- To do -
In the entries that follow, the line with "(\<integral>\<^sup>+ u. ennreal (exp" opens the range and the line with "u \<partial>lborel) +" closes it; repeat that range exactly, both lines included.
========================
lemma nn_integral_exp_neg_abs_le:
  assumes t: "0 < t"
  shows "(\<integral>\<^sup>+ z. ennreal (exp (- \<bar>x - z\<bar> / t)) \<partial>lborel) \<le> ennreal (2 * t)"
proof -
  let ?ed = "\<lambda>u. ennreal (exponential_density (1 / t) u)"
  have ed: "(\<integral>\<^sup>+ u. ?ed u \<partial>lborel) = 1"
    using prob_space.emeasure_space_1[OF prob_space_exponential_density[of "1/t"]] t
    by (simp add: emeasure_density)
  moreover have "(\<integral>\<^sup>+ u. ?ed (- u) \<partial>lborel) = 1"
    using nn_integral_real_affine[of ?ed "-1" 0] ed by simp
  moreover have "(\<integral>\<^sup>+ z. ennreal (exp (- \<bar>x - z\<bar> / t)) \<partial>lborel) =
      (\<integral>\<^sup>+ u. ennreal (exp (- \<bar>u\<bar> / t)) \<partial>lborel)"
    using nn_integral_lborel_translate[of "\<lambda>u. ennreal (exp (- \<bar>u\<bar> / t))" x]
    by (simp add: abs_minus_commute)
  moreover have "\<dots> \<le> (\<integral>\<^sup>+ u. ennreal t * ?ed u + ennreal t * ?ed (- u) \<partial>lborel)"
  proof (rule nn_integral_mono)
    fix u :: real
    have "exp (- \<bar>u\<bar> / t) \<le> t * exponential_density (1 / t) u + t * exponential_density (1 / t) (- u)"
      using t by (cases "u < 0"; cases "u = 0") (auto simp: exponential_density_def field_simps)
    then show "ennreal (exp (- \<bar>u\<bar> / t)) \<le> ennreal t * ?ed u + ennreal t * ?ed (- u)"
      using t by (simp flip: ennreal_mult' ennreal_plus del: ennreal_plus)
  qed
  moreover have "\<dots> = ennreal t * (\<integral>\<^sup>+ u. ?ed u \<partial>lborel) + ennreal t * (\<integral>\<^sup>+ u. ?ed (- u) \<partial>lborel)"
    by (subst nn_integral_add) (auto simp: nn_integral_cmult)
  ultimately show ?thesis
    using t by (simp flip: ennreal_plus del: ennreal_plus)
qed

context real_distribution
begin

lemma nn_integral_swap_lborel:
  assumes "case_prod f \<in> borel_measurable (lborel \<Otimes>\<^sub>M M)"
  shows "(\<integral>\<^sup>+ y. \<integral>\<^sup>+ x. f x y \<partial>lborel \<partial>M) = (\<integral>\<^sup>+ x. \<integral>\<^sup>+ y. f x y \<partial>M \<partial>lborel)"
proof -
  interpret pair_sigma_finite lborel M ..
  show ?thesis by (rule Fubini'[OF assms])
qed

definition smoothed_density :: "real \<Rightarrow> real \<Rightarrow> real" where
  "smoothed_density t x = enn2real (\<integral>\<^sup>+ y. ennreal (normal_density 0 t (x - y)) \<partial>M)"

lemma borel_measurable_smoothed_density[measurable]: "smoothed_density t \<in> borel_measurable borel"
  unfolding smoothed_density_def[abs_def] by measurable

lemma nn_integral_normal_density_eq_smoothed_density:
  assumes t: "0 < t"
  shows "(\<integral>\<^sup>+ y. ennreal (normal_density 0 t (x - y)) \<partial>M) = ennreal (smoothed_density t x)"
proof -
  have "(\<integral>\<^sup>+ y. ennreal (normal_density 0 t (x - y)) \<partial>M) \<le> (\<integral>\<^sup>+ y. ennreal (1 / t) \<partial>M)"
    by (intro nn_integral_mono ennreal_leI normal_density_le_inverse[OF t])
  also have "\<dots> < \<infinity>" using emeasure_space_1 by simp
  finally show ?thesis
    unfolding smoothed_density_def by (simp add: less_top ennreal_enn2real)
qed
========================
- Answer to the problem -
      (\<integral>\<^sup>+ u. ennreal (exp (- \<bar>u\<bar> / t)) \<partial>lborel)"
    using nn_integral_lborel_translate[of "\<lambda>u. ennreal (exp (- \<bar>u\<bar> / t))" x]
    by (simp add: abs_minus_commute)
  moreover have "\<dots> \<le> (\<integral>\<^sup>+ u. ennreal t * ?ed u + ennreal t * ?ed (- u) \<partial>lborel)"
  proof (rule nn_integral_mono)
    fix u :: real
    have "exp (- \<bar>u\<bar> / t) \<le> t * exponential_density (1 / t) u + t * exponential_density (1 / t) (- u)"
      using t by (cases "u < 0"; cases "u = 0") (auto simp: exponential_density_def field_simps)
    then show "ennreal (exp (- \<bar>u\<bar> / t)) \<le> ennreal t * ?ed u + ennreal t * ?ed (- u)"
      using t by (simp flip: ennreal_mult' ennreal_plus del: ennreal_plus)
  qed
  moreover have "\<dots> = ennreal t * (\<integral>\<^sup>+ u. ?ed u \<partial>lborel) + ennreal t * (\<integral>\<^sup>+ u. ?ed (- u) \<partial>lborel)"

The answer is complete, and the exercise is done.